_Your objective_
What follows is a set of records; copy all of it exactly.

● ● ●

theory Submission
  imports Defs "HOL-Analysis.Kronecker_Approximation_Theorem" "HOL-Real_Asymp.Real_Asymp"
begin

text \<open>
  The irrational rotation is uniquely ergodic: along every orbit, the Birkhoff averages of a Riemann
  integrable function converge to its integral. For an interval \<open>[0, b)\<close> this comes from Kronecker's
  theorem: pick \<open>q\<close> with \<open>\<delta> = frac (q \<alpha>)\<close> small; the cells \<open>[i \<delta>, (i + 1) \<delta>)\<close> are translates of
  \<open>[0, \<delta>)\<close> by multiples of \<open>q \<alpha>\<close>, and moving the starting point by \<open>j \<alpha>\<close> changes an orbit count by at
  most \<open>j\<close>, so all cells are visited about equally often. Linearity extends this to step functions,
  and a sandwich argument to \<open>g = (f \<circ> T\<^sup>-\<^sup>z) * f\<close>, which lies between products of step functions.

  The mass at \<open>z\<close> of the \<open>n\<close>-th approximant of the autocorrelation is the average of \<open>g\<close> over the orbit
  segment \<open>T\<^sup>-\<^sup>n y, \<dots>, T\<^sup>n y\<close> up to at most \<open>2 |z|\<close> boundary terms; the two halves of that segment
  are orbits of the rotations by \<open>\<alpha>\<close> and by \<open>-\<alpha>\<close>.
\<close>

section \<open>Orbit means of the rotation\<close>

definition orbit_sum :: "real \<Rightarrow> (real \<Rightarrow> real) \<Rightarrow> real \<Rightarrow> nat \<Rightarrow> real" where
  "orbit_sum \<alpha> h y N = (\<Sum>k<N. h (frac (y + real k * \<alpha>)))"

definition has_orbit_mean :: "real \<Rightarrow> (real \<Rightarrow> real) \<Rightarrow> real \<Rightarrow> bool" where
  "has_orbit_mean \<alpha> h L \<longleftrightarrow> (\<forall>y. (\<lambda>N. orbit_sum \<alpha> h y N / real N) \<longlonglongrightarrow> L)"

lemma orbit_sum_mono:
  "(\<And>t. t \<in> {0..<1} \<Longrightarrow> h t \<le> g t) \<Longrightarrow> orbit_sum \<alpha> h y N \<le> orbit_sum \<alpha> g y N"
  unfolding orbit_sum_def by (intro sum_mono) (simp add: frac_lt_1)

lemma has_orbit_mean_add:
  "has_orbit_mean \<alpha> f L \<Longrightarrow> has_orbit_mean \<alpha> g M \<Longrightarrow> has_orbit_mean \<alpha> (\<lambda>t. f t + g t) (L + M)"
  unfolding has_orbit_mean_def orbit_sum_def by (simp add: sum.distrib add_divide_distrib tendsto_add)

● ● ●

_Answer to this problem_
theory Submission
  imports Defs "HOL-Analysis.Kronecker_Approximation_Theorem" "HOL-Real_Asymp.Real_Asymp"
begin

text \<open>
  The irrational rotation is uniquely ergodic: along every orbit, the Birkhoff averages of a Riemann
  integrable function converge to its integral. For an interval \<open>[0, b)\<close> this comes from Kronecker's
  theorem: pick \<open>q\<close> with \<open>\<delta> = frac (q \<alpha>)\<close> small; the cells \<open>[i \<delta>, (i + 1) \<delta>)\<close> are translates of
  \<open>[0, \<delta>)\<close> by multiples of \<open>q \<alpha>\<close>, and moving the starting point by \<open>j \<alpha>\<close> changes an orbit count by at
  most \<open>j\<close>, so all cells are visited about equally often. Linearity extends this to step functions,
  and a sandwich argument to \<open>g = (f \<circ> T\<^sup>-\<^sup>z) * f\<close>, which lies between products of step functions.

  The mass at \<open>z\<close> of the \<open>n\<close>-th approximant of the autocorrelation is the average of \<open>g\<close> over the orbit
  segment \<open>T\<^sup>-\<^sup>n y, \<dots>, T\<^sup>n y\<close> up to at most \<open>2 |z|\<close> boundary terms; the two halves of that segment
  are orbits of the rotations by \<open>\<alpha>\<close> and by \<open>-\<alpha>\<close>.
\<close>

section \<open>Orbit means of the rotation\<close>

definition orbit_sum :: "real \<Rightarrow> (real \<Rightarrow> real) \<Rightarrow> real \<Rightarrow> nat \<Rightarrow> real" where
  "orbit_sum \<alpha> h y N = (\<Sum>k<N. h (frac (y + real k * \<alpha>)))"

definition has_orbit_mean :: "real \<Rightarrow> (real \<Rightarrow> real) \<Rightarrow> real \<Rightarrow> bool" where
  "has_orbit_mean \<alpha> h L \<longleftrightarrow> (\<forall>y. (\<lambda>N. orbit_sum \<alpha> h y N / real N) \<longlonglongrightarrow> L)"

lemma orbit_sum_mono:
  "(\<And>t. t \<in> {0..<1} \<Longrightarrow> h t \<le> g t) \<Longrightarrow> orbit_sum \<alpha> h y N \<le> orbit_sum \<alpha> g y N"
  unfolding orbit_sum_def by (intro sum_mono) (simp add: frac_lt_1)

lemma has_orbit_mean_add:
  "has_orbit_mean \<alpha> f L \<Longrightarrow> has_orbit_mean \<alpha> g M \<Longrightarrow> has_orbit_mean \<alpha> (\<lambda>t. f t + g t) (L + M)"
  unfolding has_orbit_mean_def orbit_sum_def by (simp add: sum.distrib add_divide_distrib tendsto_add)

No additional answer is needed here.